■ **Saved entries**
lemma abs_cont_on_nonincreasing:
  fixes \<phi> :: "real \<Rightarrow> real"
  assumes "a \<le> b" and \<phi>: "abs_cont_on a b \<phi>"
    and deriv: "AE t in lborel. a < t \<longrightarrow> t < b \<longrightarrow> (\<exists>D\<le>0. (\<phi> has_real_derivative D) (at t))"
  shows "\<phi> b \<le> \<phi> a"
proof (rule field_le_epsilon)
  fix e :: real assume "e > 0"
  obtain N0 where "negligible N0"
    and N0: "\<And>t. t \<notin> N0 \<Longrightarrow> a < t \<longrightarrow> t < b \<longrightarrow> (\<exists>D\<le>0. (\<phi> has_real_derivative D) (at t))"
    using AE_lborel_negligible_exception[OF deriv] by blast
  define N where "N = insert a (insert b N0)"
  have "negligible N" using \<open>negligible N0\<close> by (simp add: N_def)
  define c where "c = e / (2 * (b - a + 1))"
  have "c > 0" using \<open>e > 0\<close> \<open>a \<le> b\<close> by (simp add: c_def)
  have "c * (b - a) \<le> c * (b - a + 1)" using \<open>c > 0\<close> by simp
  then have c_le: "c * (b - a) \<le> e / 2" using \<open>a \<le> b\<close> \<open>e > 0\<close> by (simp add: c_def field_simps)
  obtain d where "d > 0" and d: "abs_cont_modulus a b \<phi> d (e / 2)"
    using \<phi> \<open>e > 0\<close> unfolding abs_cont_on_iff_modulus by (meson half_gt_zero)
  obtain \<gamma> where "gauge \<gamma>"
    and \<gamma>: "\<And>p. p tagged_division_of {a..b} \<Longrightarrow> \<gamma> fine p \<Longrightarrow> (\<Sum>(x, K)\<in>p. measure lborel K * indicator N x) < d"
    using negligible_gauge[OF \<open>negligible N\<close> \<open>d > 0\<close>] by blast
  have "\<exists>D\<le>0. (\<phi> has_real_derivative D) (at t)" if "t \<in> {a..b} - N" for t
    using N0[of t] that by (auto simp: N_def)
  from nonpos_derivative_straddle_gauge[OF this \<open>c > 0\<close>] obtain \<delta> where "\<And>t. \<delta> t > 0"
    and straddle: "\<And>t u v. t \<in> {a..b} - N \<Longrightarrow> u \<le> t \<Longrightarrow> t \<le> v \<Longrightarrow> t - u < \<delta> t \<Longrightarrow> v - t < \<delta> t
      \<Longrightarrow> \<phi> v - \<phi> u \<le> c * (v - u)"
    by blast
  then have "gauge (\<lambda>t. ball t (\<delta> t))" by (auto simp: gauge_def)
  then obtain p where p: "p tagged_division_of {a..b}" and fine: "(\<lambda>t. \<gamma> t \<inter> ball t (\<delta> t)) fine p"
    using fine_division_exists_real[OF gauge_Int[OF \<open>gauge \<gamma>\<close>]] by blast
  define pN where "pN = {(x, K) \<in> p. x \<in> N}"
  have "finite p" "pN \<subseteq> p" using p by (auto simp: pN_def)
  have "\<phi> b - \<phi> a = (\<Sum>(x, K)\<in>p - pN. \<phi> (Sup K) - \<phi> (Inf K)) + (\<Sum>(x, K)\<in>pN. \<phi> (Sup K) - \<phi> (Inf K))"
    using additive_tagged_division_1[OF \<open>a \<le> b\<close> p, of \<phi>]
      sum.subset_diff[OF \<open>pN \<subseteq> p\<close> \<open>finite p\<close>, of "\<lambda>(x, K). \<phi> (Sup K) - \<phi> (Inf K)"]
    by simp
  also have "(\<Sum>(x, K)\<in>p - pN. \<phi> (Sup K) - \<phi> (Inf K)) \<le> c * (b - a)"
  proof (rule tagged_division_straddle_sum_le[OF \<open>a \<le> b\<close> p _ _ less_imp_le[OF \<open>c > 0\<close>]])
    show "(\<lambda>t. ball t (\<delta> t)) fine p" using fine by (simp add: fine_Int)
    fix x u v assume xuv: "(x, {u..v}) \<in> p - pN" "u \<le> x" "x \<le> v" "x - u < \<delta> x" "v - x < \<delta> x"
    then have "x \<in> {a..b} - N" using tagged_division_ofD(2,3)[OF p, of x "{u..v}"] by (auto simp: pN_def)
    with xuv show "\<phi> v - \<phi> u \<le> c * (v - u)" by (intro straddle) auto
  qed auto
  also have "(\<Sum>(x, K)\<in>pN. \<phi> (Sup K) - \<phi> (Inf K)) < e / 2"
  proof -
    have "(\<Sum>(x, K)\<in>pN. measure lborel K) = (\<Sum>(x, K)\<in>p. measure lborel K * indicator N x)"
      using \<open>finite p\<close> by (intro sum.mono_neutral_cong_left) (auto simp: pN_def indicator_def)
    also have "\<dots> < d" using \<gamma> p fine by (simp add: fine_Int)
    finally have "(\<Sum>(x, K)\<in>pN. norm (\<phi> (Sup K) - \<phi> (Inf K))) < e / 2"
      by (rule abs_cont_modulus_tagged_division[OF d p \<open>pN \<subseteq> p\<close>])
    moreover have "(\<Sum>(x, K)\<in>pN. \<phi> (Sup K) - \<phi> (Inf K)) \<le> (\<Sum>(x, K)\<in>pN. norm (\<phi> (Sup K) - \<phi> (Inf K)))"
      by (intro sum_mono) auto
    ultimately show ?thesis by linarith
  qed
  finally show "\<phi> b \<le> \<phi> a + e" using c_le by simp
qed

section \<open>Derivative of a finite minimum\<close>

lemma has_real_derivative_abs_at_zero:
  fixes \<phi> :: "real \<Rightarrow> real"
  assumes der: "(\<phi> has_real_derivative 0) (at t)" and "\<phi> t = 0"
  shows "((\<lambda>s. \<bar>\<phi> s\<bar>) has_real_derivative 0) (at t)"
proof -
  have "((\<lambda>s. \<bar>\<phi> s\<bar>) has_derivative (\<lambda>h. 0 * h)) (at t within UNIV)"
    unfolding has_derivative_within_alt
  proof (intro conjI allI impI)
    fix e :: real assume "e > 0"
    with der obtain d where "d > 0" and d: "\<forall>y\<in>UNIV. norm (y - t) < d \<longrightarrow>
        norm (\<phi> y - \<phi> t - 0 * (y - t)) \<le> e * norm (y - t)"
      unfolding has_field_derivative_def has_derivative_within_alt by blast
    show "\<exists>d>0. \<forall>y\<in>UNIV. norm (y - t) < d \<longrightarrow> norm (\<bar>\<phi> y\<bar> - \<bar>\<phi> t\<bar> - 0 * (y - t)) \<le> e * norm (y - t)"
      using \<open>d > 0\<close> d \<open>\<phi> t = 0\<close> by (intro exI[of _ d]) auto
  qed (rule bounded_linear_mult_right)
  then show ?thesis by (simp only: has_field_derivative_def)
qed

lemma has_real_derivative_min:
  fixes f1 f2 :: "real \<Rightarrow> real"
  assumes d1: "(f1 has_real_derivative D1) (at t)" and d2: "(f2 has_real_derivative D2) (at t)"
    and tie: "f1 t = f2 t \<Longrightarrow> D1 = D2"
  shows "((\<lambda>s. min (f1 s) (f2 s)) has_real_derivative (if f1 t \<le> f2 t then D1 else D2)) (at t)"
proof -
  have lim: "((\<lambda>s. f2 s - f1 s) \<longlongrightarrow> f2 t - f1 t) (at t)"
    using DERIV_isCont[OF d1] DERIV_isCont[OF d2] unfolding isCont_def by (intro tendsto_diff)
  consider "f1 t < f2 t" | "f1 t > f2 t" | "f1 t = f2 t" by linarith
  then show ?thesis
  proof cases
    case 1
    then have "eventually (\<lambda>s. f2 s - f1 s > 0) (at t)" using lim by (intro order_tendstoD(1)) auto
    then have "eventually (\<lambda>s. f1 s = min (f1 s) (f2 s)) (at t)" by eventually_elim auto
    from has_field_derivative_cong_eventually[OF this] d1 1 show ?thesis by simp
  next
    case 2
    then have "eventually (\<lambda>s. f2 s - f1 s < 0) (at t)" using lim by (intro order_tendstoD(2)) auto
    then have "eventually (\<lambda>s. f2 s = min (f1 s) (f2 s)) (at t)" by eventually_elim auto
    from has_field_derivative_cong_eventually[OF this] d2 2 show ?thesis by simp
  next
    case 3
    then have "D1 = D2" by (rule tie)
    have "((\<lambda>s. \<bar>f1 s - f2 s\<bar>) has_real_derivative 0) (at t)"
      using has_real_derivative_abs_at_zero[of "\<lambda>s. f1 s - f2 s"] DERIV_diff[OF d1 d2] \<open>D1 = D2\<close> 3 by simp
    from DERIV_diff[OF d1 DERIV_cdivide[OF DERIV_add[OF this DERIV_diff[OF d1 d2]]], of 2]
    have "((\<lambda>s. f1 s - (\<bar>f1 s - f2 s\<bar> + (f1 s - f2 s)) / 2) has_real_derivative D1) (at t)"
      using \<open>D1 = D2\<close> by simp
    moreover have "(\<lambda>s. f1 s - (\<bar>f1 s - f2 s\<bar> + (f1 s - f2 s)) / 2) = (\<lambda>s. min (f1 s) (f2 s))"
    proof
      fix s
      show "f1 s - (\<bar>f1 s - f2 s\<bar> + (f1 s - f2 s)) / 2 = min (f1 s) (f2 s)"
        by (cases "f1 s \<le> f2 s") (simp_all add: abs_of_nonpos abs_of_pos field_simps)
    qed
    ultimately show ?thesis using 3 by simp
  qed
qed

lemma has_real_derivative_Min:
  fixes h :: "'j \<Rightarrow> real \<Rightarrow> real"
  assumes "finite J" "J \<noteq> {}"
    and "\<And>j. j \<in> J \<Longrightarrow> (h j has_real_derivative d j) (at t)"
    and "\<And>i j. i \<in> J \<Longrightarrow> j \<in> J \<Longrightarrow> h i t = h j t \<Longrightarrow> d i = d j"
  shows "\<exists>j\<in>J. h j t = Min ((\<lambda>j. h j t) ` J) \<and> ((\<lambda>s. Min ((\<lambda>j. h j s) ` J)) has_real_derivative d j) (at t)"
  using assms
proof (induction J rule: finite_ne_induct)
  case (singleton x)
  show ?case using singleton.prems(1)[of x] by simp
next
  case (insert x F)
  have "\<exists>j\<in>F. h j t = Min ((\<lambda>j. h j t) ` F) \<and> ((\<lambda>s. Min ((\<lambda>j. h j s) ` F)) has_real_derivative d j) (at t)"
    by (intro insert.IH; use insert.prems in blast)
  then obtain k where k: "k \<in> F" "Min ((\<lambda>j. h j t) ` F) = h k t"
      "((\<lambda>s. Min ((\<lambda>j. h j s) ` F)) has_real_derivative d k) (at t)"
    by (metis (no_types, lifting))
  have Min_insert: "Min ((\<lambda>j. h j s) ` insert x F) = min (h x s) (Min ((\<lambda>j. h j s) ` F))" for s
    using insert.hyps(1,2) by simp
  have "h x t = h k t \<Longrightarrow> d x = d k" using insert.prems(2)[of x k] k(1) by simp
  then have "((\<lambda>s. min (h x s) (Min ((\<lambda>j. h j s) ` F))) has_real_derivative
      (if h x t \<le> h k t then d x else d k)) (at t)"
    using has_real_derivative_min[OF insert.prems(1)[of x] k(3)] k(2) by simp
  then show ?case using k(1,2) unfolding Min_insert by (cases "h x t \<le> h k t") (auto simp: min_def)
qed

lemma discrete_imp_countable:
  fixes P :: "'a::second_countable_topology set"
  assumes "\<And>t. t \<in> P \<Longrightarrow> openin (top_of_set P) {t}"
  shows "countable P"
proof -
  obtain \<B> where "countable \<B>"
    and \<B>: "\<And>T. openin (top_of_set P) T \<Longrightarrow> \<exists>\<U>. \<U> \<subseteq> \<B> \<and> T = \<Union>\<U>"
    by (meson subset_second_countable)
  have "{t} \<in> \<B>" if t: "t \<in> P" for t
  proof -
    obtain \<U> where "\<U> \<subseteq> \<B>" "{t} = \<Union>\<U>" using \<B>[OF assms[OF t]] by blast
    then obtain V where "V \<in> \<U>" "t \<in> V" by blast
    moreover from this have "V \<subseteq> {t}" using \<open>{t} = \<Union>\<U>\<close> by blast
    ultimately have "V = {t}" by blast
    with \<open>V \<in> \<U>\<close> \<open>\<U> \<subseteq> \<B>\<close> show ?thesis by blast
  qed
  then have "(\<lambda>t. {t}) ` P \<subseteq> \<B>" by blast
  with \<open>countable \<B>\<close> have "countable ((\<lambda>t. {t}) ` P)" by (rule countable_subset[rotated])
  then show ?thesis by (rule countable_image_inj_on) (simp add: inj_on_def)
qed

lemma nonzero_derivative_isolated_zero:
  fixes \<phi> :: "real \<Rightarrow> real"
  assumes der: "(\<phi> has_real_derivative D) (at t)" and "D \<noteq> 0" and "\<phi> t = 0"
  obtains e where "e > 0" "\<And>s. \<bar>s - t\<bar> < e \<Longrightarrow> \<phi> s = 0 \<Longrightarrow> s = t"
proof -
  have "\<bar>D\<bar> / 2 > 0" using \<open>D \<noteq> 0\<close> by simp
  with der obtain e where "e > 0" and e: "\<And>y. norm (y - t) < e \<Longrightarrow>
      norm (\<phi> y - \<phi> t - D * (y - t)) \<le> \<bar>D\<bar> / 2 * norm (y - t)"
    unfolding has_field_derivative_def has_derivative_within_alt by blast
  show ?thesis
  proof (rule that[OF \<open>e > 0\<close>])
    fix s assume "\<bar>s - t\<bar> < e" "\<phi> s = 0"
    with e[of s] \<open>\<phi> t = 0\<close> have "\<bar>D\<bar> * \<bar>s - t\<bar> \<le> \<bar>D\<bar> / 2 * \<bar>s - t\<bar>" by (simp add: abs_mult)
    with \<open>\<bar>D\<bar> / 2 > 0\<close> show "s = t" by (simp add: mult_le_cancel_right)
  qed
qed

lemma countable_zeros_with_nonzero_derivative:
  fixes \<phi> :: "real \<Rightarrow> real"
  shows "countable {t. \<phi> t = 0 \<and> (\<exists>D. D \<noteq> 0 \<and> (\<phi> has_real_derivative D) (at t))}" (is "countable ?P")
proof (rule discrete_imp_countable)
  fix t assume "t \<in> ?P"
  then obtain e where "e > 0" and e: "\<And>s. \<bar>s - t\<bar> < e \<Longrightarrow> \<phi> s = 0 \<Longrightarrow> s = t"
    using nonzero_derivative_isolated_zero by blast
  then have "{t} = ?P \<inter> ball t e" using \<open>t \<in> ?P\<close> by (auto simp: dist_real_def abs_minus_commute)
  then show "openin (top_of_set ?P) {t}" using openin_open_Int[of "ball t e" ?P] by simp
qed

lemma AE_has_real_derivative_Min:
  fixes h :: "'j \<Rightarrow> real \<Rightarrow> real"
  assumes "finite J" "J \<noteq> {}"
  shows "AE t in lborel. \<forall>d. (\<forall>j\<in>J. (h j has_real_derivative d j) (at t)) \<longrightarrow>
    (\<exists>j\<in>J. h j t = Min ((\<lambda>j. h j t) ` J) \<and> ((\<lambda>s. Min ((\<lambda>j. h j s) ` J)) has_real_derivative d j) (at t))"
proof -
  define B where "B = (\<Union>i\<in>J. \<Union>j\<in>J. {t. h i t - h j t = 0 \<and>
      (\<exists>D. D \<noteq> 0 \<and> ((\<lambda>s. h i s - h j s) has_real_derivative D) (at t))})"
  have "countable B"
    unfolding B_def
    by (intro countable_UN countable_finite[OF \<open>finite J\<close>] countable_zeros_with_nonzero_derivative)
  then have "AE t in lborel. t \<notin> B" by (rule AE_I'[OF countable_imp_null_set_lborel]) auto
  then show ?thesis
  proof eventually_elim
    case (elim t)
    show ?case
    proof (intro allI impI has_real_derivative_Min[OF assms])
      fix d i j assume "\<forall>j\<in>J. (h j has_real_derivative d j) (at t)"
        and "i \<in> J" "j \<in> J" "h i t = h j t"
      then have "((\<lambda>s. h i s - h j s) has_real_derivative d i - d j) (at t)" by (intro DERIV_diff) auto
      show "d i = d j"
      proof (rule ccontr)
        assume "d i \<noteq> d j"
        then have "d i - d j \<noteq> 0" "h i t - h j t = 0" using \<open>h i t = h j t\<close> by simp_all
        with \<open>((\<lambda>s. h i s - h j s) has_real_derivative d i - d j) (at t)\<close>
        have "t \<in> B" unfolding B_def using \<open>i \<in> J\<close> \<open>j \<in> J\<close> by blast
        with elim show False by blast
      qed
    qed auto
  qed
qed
...
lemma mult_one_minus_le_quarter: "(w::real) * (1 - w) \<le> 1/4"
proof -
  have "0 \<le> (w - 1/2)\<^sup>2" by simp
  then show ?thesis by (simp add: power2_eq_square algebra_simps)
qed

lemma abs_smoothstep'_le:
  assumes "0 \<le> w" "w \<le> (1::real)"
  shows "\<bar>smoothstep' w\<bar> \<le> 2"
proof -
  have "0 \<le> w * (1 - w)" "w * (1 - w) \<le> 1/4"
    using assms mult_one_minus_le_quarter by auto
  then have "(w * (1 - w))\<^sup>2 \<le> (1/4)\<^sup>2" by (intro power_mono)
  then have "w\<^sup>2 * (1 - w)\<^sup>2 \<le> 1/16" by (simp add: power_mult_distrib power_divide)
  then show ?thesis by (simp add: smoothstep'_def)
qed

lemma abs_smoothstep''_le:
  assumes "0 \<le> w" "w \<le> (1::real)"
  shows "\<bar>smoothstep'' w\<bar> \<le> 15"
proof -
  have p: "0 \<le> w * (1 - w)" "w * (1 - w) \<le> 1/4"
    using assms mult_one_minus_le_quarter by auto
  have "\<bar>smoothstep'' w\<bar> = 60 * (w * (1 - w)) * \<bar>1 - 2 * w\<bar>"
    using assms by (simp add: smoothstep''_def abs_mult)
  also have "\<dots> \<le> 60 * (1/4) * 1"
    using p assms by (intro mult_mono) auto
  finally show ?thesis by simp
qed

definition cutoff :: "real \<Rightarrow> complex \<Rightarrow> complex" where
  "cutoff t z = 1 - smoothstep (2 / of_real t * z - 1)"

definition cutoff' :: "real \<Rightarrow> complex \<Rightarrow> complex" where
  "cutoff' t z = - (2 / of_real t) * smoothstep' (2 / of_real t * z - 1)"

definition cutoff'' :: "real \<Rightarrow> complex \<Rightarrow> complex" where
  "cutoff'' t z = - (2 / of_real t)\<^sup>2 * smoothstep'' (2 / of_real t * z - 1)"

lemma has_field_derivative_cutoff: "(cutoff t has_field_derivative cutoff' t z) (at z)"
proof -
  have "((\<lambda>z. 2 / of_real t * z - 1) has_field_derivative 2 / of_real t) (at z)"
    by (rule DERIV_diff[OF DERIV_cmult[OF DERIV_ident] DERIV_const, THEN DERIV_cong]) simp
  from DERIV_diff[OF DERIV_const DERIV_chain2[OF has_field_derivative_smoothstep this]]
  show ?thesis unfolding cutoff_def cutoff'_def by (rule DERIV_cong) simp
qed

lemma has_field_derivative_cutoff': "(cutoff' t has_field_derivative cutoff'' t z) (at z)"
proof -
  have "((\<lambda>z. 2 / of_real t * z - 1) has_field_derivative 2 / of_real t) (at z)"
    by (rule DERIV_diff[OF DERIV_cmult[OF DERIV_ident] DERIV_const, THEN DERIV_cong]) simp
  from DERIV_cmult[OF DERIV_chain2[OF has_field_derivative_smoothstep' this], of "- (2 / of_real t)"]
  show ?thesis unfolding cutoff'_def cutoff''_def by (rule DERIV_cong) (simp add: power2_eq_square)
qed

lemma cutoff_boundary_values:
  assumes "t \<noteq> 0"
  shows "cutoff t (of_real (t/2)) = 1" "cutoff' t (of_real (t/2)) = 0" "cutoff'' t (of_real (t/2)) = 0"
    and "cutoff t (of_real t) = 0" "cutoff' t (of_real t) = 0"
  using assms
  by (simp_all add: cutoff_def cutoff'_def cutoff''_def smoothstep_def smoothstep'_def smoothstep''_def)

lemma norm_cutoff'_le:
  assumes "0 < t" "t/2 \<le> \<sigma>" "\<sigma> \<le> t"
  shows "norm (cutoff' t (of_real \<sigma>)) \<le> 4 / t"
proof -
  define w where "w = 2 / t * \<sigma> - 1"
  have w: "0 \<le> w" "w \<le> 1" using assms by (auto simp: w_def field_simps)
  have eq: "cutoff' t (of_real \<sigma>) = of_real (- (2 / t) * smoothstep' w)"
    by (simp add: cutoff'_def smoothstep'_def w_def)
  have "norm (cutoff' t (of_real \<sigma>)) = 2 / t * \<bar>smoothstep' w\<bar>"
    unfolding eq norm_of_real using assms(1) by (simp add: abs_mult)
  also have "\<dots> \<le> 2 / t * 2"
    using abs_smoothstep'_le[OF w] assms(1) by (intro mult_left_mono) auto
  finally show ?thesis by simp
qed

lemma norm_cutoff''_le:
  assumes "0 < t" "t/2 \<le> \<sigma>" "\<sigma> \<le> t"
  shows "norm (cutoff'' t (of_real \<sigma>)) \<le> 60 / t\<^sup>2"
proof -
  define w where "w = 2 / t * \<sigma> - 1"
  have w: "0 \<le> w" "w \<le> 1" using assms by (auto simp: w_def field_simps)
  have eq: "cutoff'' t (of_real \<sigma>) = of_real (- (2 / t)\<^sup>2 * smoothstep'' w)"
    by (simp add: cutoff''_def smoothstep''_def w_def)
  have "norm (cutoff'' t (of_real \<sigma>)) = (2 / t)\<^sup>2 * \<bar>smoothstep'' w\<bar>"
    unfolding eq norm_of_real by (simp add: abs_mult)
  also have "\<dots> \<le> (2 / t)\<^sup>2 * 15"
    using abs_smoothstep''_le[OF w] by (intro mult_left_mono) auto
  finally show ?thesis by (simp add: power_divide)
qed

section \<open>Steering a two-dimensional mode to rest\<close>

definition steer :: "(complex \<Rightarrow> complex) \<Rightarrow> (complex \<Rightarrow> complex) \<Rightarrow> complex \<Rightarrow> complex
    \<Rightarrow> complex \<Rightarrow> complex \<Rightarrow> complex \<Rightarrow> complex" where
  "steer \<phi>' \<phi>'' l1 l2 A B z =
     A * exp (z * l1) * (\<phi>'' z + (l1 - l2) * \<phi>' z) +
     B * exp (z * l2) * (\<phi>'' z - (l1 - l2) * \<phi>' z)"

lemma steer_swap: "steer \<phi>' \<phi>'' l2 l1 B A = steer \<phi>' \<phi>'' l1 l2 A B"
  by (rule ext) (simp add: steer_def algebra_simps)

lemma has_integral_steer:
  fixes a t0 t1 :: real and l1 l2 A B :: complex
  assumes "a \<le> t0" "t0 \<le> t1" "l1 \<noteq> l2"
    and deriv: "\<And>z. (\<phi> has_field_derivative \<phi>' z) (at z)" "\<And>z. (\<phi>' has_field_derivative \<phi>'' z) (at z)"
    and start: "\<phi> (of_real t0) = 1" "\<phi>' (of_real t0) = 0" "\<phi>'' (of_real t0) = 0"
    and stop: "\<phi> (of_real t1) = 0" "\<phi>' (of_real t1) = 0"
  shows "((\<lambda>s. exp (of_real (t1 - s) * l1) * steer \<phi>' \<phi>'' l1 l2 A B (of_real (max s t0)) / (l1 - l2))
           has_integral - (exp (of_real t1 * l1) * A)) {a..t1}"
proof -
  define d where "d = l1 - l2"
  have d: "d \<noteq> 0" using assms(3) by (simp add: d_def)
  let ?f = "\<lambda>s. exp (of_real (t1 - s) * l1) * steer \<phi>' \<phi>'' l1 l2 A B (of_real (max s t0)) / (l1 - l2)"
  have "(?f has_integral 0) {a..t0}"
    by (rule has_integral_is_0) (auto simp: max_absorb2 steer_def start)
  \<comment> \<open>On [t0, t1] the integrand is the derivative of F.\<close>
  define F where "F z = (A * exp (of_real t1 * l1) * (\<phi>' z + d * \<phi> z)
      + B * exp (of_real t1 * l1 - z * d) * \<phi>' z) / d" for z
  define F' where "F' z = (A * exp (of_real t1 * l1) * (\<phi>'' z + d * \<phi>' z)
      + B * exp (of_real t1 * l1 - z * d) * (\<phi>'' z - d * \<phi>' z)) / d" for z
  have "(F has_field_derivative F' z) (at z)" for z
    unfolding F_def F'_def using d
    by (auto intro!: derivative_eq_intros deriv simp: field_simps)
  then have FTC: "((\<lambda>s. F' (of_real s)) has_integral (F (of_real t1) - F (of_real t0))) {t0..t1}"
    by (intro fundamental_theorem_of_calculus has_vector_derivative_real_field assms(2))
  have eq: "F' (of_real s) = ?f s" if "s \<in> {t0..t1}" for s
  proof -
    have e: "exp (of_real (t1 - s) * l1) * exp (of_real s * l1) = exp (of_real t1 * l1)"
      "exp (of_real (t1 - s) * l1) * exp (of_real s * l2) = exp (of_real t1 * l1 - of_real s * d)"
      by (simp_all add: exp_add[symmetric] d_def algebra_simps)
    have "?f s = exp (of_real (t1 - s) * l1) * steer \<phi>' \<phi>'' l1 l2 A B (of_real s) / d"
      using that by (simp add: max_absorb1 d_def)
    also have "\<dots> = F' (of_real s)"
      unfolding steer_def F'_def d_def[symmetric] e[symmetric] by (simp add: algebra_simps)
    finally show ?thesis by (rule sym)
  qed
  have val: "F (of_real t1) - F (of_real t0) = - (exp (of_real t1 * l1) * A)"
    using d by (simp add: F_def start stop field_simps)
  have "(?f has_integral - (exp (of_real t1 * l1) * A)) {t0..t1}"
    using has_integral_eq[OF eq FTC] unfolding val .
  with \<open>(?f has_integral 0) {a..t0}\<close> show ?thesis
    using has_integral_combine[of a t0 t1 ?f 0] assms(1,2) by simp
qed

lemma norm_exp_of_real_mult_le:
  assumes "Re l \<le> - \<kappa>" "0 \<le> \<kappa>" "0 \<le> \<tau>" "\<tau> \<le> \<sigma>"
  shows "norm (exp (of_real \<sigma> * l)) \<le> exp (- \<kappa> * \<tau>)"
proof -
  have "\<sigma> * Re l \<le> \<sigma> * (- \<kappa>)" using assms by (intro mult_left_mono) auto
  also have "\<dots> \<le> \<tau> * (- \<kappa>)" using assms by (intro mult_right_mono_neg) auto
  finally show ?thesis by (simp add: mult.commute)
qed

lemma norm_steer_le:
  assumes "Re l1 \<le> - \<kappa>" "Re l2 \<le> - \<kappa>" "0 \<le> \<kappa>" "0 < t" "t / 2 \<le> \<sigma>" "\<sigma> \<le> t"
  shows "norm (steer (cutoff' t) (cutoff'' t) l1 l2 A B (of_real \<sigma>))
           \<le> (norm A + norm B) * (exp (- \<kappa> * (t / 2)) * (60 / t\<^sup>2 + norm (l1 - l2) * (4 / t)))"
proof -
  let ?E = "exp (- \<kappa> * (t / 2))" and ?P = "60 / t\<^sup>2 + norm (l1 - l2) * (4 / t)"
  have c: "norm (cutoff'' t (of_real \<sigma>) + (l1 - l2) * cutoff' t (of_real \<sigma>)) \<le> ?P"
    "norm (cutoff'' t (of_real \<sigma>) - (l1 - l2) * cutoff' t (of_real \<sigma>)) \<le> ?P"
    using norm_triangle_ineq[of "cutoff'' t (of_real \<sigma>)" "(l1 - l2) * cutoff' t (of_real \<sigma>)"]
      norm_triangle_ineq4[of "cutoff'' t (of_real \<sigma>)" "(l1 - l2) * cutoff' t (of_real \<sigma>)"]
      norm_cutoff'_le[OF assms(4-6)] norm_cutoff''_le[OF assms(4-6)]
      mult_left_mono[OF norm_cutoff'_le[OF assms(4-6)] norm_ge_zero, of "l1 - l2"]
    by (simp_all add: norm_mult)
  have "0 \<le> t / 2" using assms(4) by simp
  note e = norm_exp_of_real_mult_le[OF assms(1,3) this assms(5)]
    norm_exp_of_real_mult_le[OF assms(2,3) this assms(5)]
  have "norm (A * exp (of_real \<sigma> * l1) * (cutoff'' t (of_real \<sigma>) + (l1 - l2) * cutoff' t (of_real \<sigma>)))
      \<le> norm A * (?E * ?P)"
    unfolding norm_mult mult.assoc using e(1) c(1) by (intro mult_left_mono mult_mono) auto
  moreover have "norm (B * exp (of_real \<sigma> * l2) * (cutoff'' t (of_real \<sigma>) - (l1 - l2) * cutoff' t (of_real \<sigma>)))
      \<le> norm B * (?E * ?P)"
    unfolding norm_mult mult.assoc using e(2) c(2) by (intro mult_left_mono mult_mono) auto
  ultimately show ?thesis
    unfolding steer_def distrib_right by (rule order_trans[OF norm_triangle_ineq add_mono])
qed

■ **Exercise**
The lines you need are those containing "assoc"; find them in the records and copy them.

■ **Reply to the exercise**
    unfolding norm_mult mult.assoc using e(1) c(1) by (intro mult_left_mono mult_mono) auto
    unfolding norm_mult mult.assoc using e(2) c(2) by (intro mult_left_mono mult_mono) auto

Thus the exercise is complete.